=== What this task involves ===
Reproduce each line from the first in the data through the line that contains "sigma on edges" exactly; give nothing else.

Source data:
(* Let $\widehat{G}$ be a chordal signed separable bigraph. Suppose that a vertex set $S$ minimally separates components $\widehat{H_1}$ and $\widehat{H_2}$ of $\widehat G-S$. Then $\widehat{H_1}$ or $\widehat{H_2}$ contains an edge which is a signed simplicial edge of $\widehat{G}$.
   Context: A signed graph is a finite simple graph each of whose edges is assigned a sign, positive or negative. A signed bigraph is a signed graph whose underlying graph is bipartite. A bigraph is separable if it contains an induced $2K_2$. A signed graph is positive if all its edges are positive and non-trivial if it has at least one edge. In a bigraph with bipartition $(X,Y)$, a subgraph $H$ is a biclique if every vertex of $V(H)\cap X$ is adjacent to every vertex of $V(H)\cap Y$. For an edge $uv$, $N(uv)=(N(u)\cup N(v))\setminus\{u,v\}$; $uv$ is signed simplicial if $N(uv)$ induces a positive biclique. A signed bigraph $\widehat G$ is chordal if its edges can be ordered $e_1,\dots,e_m$ so that each $e_i$ is signed simplicial in $\widehat G-\{e_1,\dots,e_{i-1}\}$ (edges deleted, vertices kept). For a vertex set $S$ and two distinct non-trivial connected components $H,H'$ of $\widehat G-S$, $S$ minimally separates $H$ and $H'$ if every vertex of $S$ has a neighbour in $H$ and a neighbour in $H'$. *)

theory Defs
  imports Main
begin

text \<open>A signed bigraph is given by a finite vertex set V with a fixed bipartition (X,Y),
an edge set E of 2-element sets {x,y} with x in X and y in Y, and a sign function
sigma on edges (True = positive, False = negative).\<close>

definition signed_bigraph :: "'a set \<Rightarrow> 'a set \<Rightarrow> 'a set \<Rightarrow> 'a set set \<Rightarrow> bool" where
  "signed_bigraph V X Y E \<longleftrightarrow> finite V \<and> X \<inter> Y = {} \<and> X \<union> Y = V \<and>
     (\<forall>e\<in>E. \<exists>x\<in>X. \<exists>y\<in>Y. e = {x, y})"

definition nbr :: "'a set set \<Rightarrow> 'a \<Rightarrow> 'a set" where
  "nbr E v = {w. {v, w} \<in> E}"

definition edge_nbhd :: "'a set set \<Rightarrow> 'a set \<Rightarrow> 'a set" where
  "edge_nbhd E e = (\<Union>v\<in>e. nbr E v) - e"

definition positive_biclique :: "'a set \<Rightarrow> 'a set \<Rightarrow> 'a set set \<Rightarrow> ('a set \<Rightarrow> bool) \<Rightarrow> 'a set \<Rightarrow> bool" where
  "positive_biclique X Y E sigma W \<longleftrightarrow>
     (\<forall>x\<in>W \<inter> X. \<forall>y\<in>W \<inter> Y. {x, y} \<in> E) \<and> (\<forall>e\<in>E. e \<subseteq> W \<longrightarrow> sigma e)"

definition signed_simplicial :: "'a set \<Rightarrow> 'a set \<Rightarrow> 'a set set \<Rightarrow> ('a set \<Rightarrow> bool) \<Rightarrow> 'a set \<Rightarrow> bool" where
  "signed_simplicial X Y E sigma e \<longleftrightarrow> e \<in> E \<and> positive_biclique X Y E sigma (edge_nbhd E e)"

definition chordal_signed :: "'a set \<Rightarrow> 'a set \<Rightarrow> 'a set set \<Rightarrow> ('a set \<Rightarrow> bool) \<Rightarrow> bool" where
  "chordal_signed X Y E sigma \<longleftrightarrow>
     (\<exists>es. distinct es \<and> set es = E \<and>
        (\<forall>i<length es. signed_simplicial X Y (E - set (take i es)) sigma (es ! i)))"

definition separable :: "'a set set \<Rightarrow> bool" where
  "separable E \<longleftrightarrow> (\<exists>a b c d. distinct [a, b, c, d] \<and> {a, b} \<in> E \<and> {c, d} \<in> E \<and>
      {a, c} \<notin> E \<and> {a, d} \<notin> E \<and> {b, c} \<notin> E \<and> {b, d} \<notin> E)"

definition component_minus :: "'a set \<Rightarrow> 'a set set \<Rightarrow> 'a set \<Rightarrow> 'a set \<Rightarrow> bool" where
  "component_minus V E S H \<longleftrightarrow>
     (\<exists>v\<in>V - S. H = {w. (\<lambda>a b. {a, b} \<in> E \<and> a \<notin> S \<and> b \<notin> S)\<^sup>*\<^sup>* v w})"

definition nontrivial_on :: "'a set set \<Rightarrow> 'a set \<Rightarrow> bool" where
  "nontrivial_on E H \<longleftrightarrow> (\<exists>e\<in>E. e \<subseteq> H)"

definition minimally_separates :: "'a set set \<Rightarrow> 'a set \<Rightarrow> 'a set \<Rightarrow> 'a set \<Rightarrow> bool" where
  "minimally_separates E S H1 H2 \<longleftrightarrow>
     (\<forall>s\<in>S. (\<exists>h\<in>H1. {s, h} \<in> E) \<and> (\<exists>h\<in>H2. {s, h} \<in> E))"

end

theory Submission
  imports Defs
begin

text \<open>Let e be the first edge of the elimination ordering that meets H1 \<union> H2, and let E' be the
edge set at the moment it is eliminated; E' still contains every edge meeting H1 \<union> H2.
In a bigraph the neighbourhood of a simplicial edge uv is a biclique, so a neighbour of u and a
neighbour of v are adjacent. Applied to an edge xy inside S, with x adjacent to H1 and y to H2,
this would create an edge between H1 and H2; hence no edge eliminated before e lies inside S.
Applied to e = uw with u in a component H and w in S, with a neighbour of u in H (H is
non-trivial) and a neighbour of w in the other component, it gives the same contradiction;
hence e lies inside H1 or H2. Finally N(e) \<subseteq> H \<union> S, and the edges inside N(e) that were
eliminated before e would lie inside S, so neither N(e) nor the edges it spans change when the
eliminated edges are restored: e is signed simplicial in the whole graph.\<close>

definition adj_minus :: "'a set set \<Rightarrow> 'a set \<Rightarrow> 'a \<Rightarrow> 'a \<Rightarrow> bool" where
  "adj_minus E S a b \<longleftrightarrow> {a, b} \<in> E \<and> a \<notin> S \<and> b \<notin> S"

lemma component_minus_adj_minus:
  "component_minus V E S H \<longleftrightarrow> (\<exists>v\<in>V - S. H = {w. (adj_minus E S)\<^sup>*\<^sup>* v w})"
  unfolding component_minus_def adj_minus_def[abs_def] ..

lemma symp_adj_minus: "symp (adj_minus E S)"
  by (auto simp: symp_def adj_minus_def insert_commute)

lemma component_minus_eq_reachable:
  assumes "component_minus V E S H" and "a \<in> H"
  shows "H = {w. (adj_minus E S)\<^sup>*\<^sup>* a w}"
proof -
  from assms(1) obtain v where H: "H = {w. (adj_minus E S)\<^sup>*\<^sup>* v w}"
    unfolding component_minus_adj_minus by blast
  with assms(2) have va: "(adj_minus E S)\<^sup>*\<^sup>* v a"
    by blast
  then have av: "(adj_minus E S)\<^sup>*\<^sup>* a v"
    by (rule sympD[OF symp_rtranclp[OF symp_adj_minus]])
  from H show ?thesis
    using rtranclp_trans[OF va] rtranclp_trans[OF av] by blast
qed

lemma component_minus_disjoint_separator:
  assumes "component_minus V E S H"
  shows "H \<inter> S = {}"
proof -
  from assms obtain v where "v \<notin> S" and H: "H = {w. (adj_minus E S)\<^sup>*\<^sup>* v w}"
    unfolding component_minus_adj_minus by blast
  have "w \<notin> S" if "(adj_minus E S)\<^sup>*\<^sup>* v w" for w
    using that \<open>v \<notin> S\<close> by induction (auto simp: adj_minus_def)
  with H show ?thesis
    by blast
qed

lemma component_minus_closed:
  assumes "component_minus V E S H" and "h \<in> H" and "{h, w} \<in> E" and "w \<notin> S"
  shows "w \<in> H"
proof -
  have "h \<notin> S"
    using assms(1,2) component_minus_disjoint_separator by blast
  with assms have "adj_minus E S h w"
    by (simp add: adj_minus_def)
  then show ?thesis
    using component_minus_eq_reachable[OF assms(1,2)] by auto
qed
lemma rank_attained:
  assumes "is_graph G"
  obtains X where "X \<subseteq> G" "indep X" "card X = rank M G"
proof -
  have "M G {}" using M_iff_indep[OF assms(1)] indep_empty by simp
  then have "{card X | X. M G X} \<noteq> {}" by blast
  then have "rank M G \<in> {card X | X. M G X}"
    unfolding rank_def using finite_ranks[OF assms] Max_in by blast
  then show thesis using that M_iff_indep[OF assms] by auto
qed

lemma family_limit_le: "(\<And>n. rank M (complete_graph n) \<le> k) \<Longrightarrow> family_limit M \<le> k"
  unfolding family_limit_def by (intro cSUP_least) auto

lemma circuit_not_indep: "circuit M G \<Longrightarrow> \<not> indep G"
  unfolding circuit_def using card_le_rank by fastforce

lemma circuit_minus_indep:
  assumes "circuit M G" "e \<in> G"
  shows "indep (G - {e})"
proof -
  have G: "is_graph G" "finite G" using assms(1) unfolding circuit_def is_graph_def by auto
  then have "is_graph (G - {e})" using is_graph_subset by blast
  then obtain X where X: "X \<subseteq> G - {e}" "indep X" "card X = rank M (G - {e})"
    by (rule rank_attained)
  then have "card X = card (G - {e})" using assms G(2) unfolding circuit_def by simp
  then have "X = G - {e}" using X(1) G(2) by (simp add: card_subset_eq)
  then show ?thesis using X(2) by simp
qed

lemma circuitI:
  assumes "is_graph G" "\<not> indep G" "\<And>e. e \<in> G \<Longrightarrow> indep (G - {e})"
  shows "circuit M G"
proof -
  have fin: "finite G" using assms(1) unfolding is_graph_def by simp
  have "G \<noteq> {}" using assms(2) indep_empty by auto
  then have pos: "card G > 0" using fin by (simp add: card_gt_0_iff)
  have "rank M G \<le> card G - 1"
  proof (rule rank_le[OF assms(1)])
    fix X assume X: "X \<subseteq> G" "indep X"
    then have "X \<noteq> G" using assms(2) by auto
    then have "card X < card G" using X(1) fin by (meson psubsetI psubset_card_mono)
    then show "card X \<le> card G - 1" by simp
  qed
  moreover have "rank M (G - {e}) = card G - 1" if "e \<in> G" for e
  proof (rule antisym)
    have G': "is_graph (G - {e})" using is_graph_subset[OF assms(1)] by simp
    show "rank M (G - {e}) \<le> card G - 1"
    proof (rule rank_le[OF G'])
      fix X assume "X \<subseteq> G - {e}"
      then have "card X \<le> card (G - {e})" using fin by (simp add: card_mono)
      then show "card X \<le> card G - 1" using fin that by simp
    qed
    show "card G - 1 \<le> rank M (G - {e})"
      using card_le_rank[OF G' _ assms(3)[OF that]] fin that by simp
  qed
  ultimately show ?thesis unfolding circuit_def using assms(1) pos by simp
qed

=== Answer to this problem ===
(* Let $\widehat{G}$ be a chordal signed separable bigraph. Suppose that a vertex set $S$ minimally separates components $\widehat{H_1}$ and $\widehat{H_2}$ of $\widehat G-S$. Then $\widehat{H_1}$ or $\widehat{H_2}$ contains an edge which is a signed simplicial edge of $\widehat{G}$.
   Context: A signed graph is a finite simple graph each of whose edges is assigned a sign, positive or negative. A signed bigraph is a signed graph whose underlying graph is bipartite. A bigraph is separable if it contains an induced $2K_2$. A signed graph is positive if all its edges are positive and non-trivial if it has at least one edge. In a bigraph with bipartition $(X,Y)$, a subgraph $H$ is a biclique if every vertex of $V(H)\cap X$ is adjacent to every vertex of $V(H)\cap Y$. For an edge $uv$, $N(uv)=(N(u)\cup N(v))\setminus\{u,v\}$; $uv$ is signed simplicial if $N(uv)$ induces a positive biclique. A signed bigraph $\widehat G$ is chordal if its edges can be ordered $e_1,\dots,e_m$ so that each $e_i$ is signed simplicial in $\widehat G-\{e_1,\dots,e_{i-1}\}$ (edges deleted, vertices kept). For a vertex set $S$ and two distinct non-trivial connected components $H,H'$ of $\widehat G-S$, $S$ minimally separates $H$ and $H'$ if every vertex of $S$ has a neighbour in $H$ and a neighbour in $H'$. *)

theory Defs
  imports Main
begin

text \<open>A signed bigraph is given by a finite vertex set V with a fixed bipartition (X,Y),
an edge set E of 2-element sets {x,y} with x in X and y in Y, and a sign function
sigma on edges (True = positive, False = negative).\<close>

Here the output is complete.